Comprueba ACPI/Fix common problems. Quizá tengas que repararle los errores ACPI.

¿Con qué versión del kernel te ocurre?, ¿con todas? Si es con todas la única solución a tu problema está en el enlace anterior: reparar la DSDT.

----------

## bontakun

 *pelelademadera wrote:*   

> y deshabilitalo desde el kernel y fijate que pasa...

 

hoy actualisé a la ultima versión del kernel estable disponible en portage... y estoy monitoreando que pasa... a si q veré si me topo con le problema

 *the incredible hurd wrote:*   

> Comprueba ACPI/Fix common problems.
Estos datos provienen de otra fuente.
(* Let $Q$ be a QNP and let $Q_M$ be the QNP obtained from $P=T(Q)$ as described in the context. If a policy $\pi$ solves the FOND problem $P=T(Q)$ (i.e. is a strong cyclic solution of it), then $\pi$ solves the QNP $Q_M$.
   Context: QNPs: $Q=\langle F,V,I,O,G\rangle$ with propositional variables $F$, numerical variables $V$ (non-negative reals), literals $p,\neg p$, $X=0$, $X>0$; actions with precondition $Pre(a)$, propositional effects $\mathit{Eff}(a)$, numerical effects $N(a)\subseteq\{Inc(X),Dec(X)\}$ (at most one per variable; $Dec(X)\in N(a)$ implies $X>0\in Pre(a)$). A state assigns truth values to the propositional variables and reals $\ge0$ to $V$; initial states satisfy $I$ (closed world); goal states satisfy $G$; for applicable $a$, successors apply propositional effects, strictly increase $X$ for $Inc(X)$, strictly decrease $X$ for $Dec(X)$, leave the rest unchanged. For $\epsilon>0$, an $\epsilon$-trajectory is such a sequence $s_0,a_0,s_1,\dots$ from an initial state in which every change of a variable has magnitude $\ge\epsilon$ unless it goes from a value $<\epsilon$ to $0$. Policies map states to actions depending only on the truth values of the propositional atoms and the atoms $X=0$; a maximal $\pi$-trajectory is infinite without goal, ends at its first goal state, or ends where $\pi$ is undefined/inapplicable; $\pi$ solves a QNP iff for every $\epsilon>0$ every maximal $\epsilon$-$\pi$-trajectory reaches a goal state. The FOND problem $T(Q)$: $n=|F|+|V|$, $Max=1+2^n$. Propositional variables: $F$, $p_{X=0}$ ($X\in V$; $X=0$/$X>0$ denote $p_{X=0}$/$\neg p_{X=0}$), $in(X)$, $depth(d)$ ($0\le d\le|V|$), $index(X,d)$ ($1\le d\le|V|$), counters $c(d)$ ($0\le d\le|V|$), $c_T$ over $\{0,\dots,Max\}$ encoded in binary. Initial state: $I$ plus $depth(0)$, counters $0$, other new atoms false; goal $G$. Actions: $Push(X,d)$ ($0\le d<|V|$): pre $\neg in(X),depth(d),c(d)<Max$; eff $in(X),index(X,d+1),depth(d+1),\neg depth(d),c(d):=c(d)+1,c(d+1):=0$. $Pop(X,d)$ ($1\le d\le|V|$): pre $in(X),index(X,d),depth(d)$; eff $\neg in(X),\neg index(X,d),\neg depth(d),depth(d-1)$. $Move$: pre $depth(0),c_T<Max$; eff $c_T:=c_T+1$. For $a\in O$ with no $Dec$ effect: action $a$ with pre $Pre(a)$ plus $\neg in(Y)$ for each $Inc(Y)\in N(a)$, eff $\mathit{Eff}(a)$ plus $Y>0$ for each $Inc(Y)\in N(a)$. For $a$ with a $Dec$ effect, $X$ with $Dec(X)\in N(a)$, $1\le d\le|V|$: action $a(X,d)$ with pre $Pre(a)$, $\neg in(Y)$ for $Inc(Y)\in N(a)$, $index(X,d)$; eff $\mathit{Eff}(a)$, $Y>0$ for $Inc(Y)\in N(a)$, nondeterministic $Z>0\mid Z=0$ for each $Dec(Z)\in N(a)$, $c(d'):=0$ for $d\le d'\le|V|$. A strong cyclic solution of a FOND problem is a policy such that from every state reachable from the initial state under $\pi$ some goal state is reachable under $\pi$. $Q_M$ is the QNP whose propositional variables are those of $T(Q)$ other than the atoms $p_{X=0}$, whose numerical variables are $V$, whose initial situation, goal and actions are those of $T(Q)$ except that literals $p_{X=0}$/$\neg p_{X=0}$ in initial situation, goal and preconditions are read as the numerical literals $X=0$/$X>0$, each effect $Y>0$ originating from $Inc(Y)$ is replaced by $Inc(Y)$, and each nondeterministic effect $Z>0\mid Z=0$ is replaced by $Dec(Z)$. Thus $T(Q)$ is the direct translation of $Q_M$ and a policy for $T(Q)$ is a policy for $Q_M$. *)

theory Defs
  imports Main "HOL.Real"
begin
Quizá tengas que repararle los errores ACPI.
> 
> ¿Con qué versión del kernel te ocurre?, ¿con todas? Si es con todas la única solución a tu problema está en el enlace anterior: reparar la DSDT.

 

me ha pasado con todas desde la 2.6.28 o al menos en esa me percaté xD

revisando el link por si mi ultima actualización no sirve

gracias, saludos

----------

## bontakun

bueno después de testear un buen rato el lkernel 2.4.31-r10 no he vueto a tener el problema de alsa de t° en la máquina, a si que voy a dar el tema por cerrado...

gracias por las ideas y por el link... pero a cualquier problema lo re abro xD

saludos

----------